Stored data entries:
=====

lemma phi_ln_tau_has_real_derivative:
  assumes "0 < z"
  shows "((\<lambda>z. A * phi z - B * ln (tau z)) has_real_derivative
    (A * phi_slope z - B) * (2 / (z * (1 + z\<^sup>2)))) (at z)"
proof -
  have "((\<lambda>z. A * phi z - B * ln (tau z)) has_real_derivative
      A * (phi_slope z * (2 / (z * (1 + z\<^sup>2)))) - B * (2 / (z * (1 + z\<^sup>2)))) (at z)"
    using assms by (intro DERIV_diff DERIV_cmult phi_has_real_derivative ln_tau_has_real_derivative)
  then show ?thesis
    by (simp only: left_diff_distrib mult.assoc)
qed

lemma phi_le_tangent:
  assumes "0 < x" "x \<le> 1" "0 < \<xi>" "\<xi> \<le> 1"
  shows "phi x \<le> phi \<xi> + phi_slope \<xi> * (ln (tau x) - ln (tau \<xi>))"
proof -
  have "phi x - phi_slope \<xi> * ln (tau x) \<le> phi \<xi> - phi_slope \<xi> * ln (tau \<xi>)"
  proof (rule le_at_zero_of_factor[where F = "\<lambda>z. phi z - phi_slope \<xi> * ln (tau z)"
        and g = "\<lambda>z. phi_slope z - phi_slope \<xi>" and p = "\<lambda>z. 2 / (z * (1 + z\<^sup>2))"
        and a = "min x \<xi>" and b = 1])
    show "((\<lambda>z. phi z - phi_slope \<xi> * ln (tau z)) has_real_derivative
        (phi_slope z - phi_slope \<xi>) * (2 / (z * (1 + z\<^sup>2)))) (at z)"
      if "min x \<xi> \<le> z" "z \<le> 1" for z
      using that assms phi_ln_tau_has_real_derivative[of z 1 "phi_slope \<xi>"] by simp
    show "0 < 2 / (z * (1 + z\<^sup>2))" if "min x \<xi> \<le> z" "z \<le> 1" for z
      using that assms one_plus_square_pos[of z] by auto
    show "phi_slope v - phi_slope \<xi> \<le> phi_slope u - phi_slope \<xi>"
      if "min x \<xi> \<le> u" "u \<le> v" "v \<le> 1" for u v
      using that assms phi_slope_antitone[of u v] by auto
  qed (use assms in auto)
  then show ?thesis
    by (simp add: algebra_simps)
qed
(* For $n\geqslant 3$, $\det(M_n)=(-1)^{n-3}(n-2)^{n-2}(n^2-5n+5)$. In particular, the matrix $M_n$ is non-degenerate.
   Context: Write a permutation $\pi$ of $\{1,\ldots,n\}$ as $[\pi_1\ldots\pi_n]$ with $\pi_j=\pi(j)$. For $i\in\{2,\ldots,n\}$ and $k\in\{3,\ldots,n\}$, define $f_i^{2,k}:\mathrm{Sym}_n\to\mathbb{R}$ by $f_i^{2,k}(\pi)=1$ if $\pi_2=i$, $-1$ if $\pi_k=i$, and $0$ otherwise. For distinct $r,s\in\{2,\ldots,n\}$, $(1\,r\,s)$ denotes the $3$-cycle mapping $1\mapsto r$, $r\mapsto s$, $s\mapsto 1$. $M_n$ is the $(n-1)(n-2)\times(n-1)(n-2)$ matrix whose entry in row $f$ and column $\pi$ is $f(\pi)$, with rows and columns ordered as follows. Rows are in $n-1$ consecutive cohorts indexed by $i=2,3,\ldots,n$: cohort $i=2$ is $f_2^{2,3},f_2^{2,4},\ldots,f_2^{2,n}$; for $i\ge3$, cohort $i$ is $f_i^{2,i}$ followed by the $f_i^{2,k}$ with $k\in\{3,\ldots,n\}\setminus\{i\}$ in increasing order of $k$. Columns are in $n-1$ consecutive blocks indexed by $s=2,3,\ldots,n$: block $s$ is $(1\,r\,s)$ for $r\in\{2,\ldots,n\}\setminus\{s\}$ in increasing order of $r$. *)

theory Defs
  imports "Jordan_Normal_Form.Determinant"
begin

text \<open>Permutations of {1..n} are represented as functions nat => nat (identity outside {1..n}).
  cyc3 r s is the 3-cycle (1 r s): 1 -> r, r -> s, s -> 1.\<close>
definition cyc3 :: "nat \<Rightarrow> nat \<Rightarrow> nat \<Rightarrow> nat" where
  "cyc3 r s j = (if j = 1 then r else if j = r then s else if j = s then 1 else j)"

=====

EXERCISE OBJECTIVE
In the data above, retype exactly and only the lines between the one holding "(phi_slope z - phi_slope" and the one holding "(* For $n\geqslant", inclusive.

SOLUTION
        (phi_slope z - phi_slope \<xi>) * (2 / (z * (1 + z\<^sup>2)))) (at z)"
      if "min x \<xi> \<le> z" "z \<le> 1" for z
      using that assms phi_ln_tau_has_real_derivative[of z 1 "phi_slope \<xi>"] by simp
    show "0 < 2 / (z * (1 + z\<^sup>2))" if "min x \<xi> \<le> z" "z \<le> 1" for z
      using that assms one_plus_square_pos[of z] by auto
    show "phi_slope v - phi_slope \<xi> \<le> phi_slope u - phi_slope \<xi>"
      if "min x \<xi> \<le> u" "u \<le> v" "v \<le> 1" for u v
      using that assms phi_slope_antitone[of u v] by auto
  qed (use assms in auto)
  then show ?thesis
    by (simp add: algebra_simps)
qed
(* For $n\geqslant 3$, $\det(M_n)=(-1)^{n-3}(n-2)^{n-2}(n^2-5n+5)$. In particular, the matrix $M_n$ is non-degenerate.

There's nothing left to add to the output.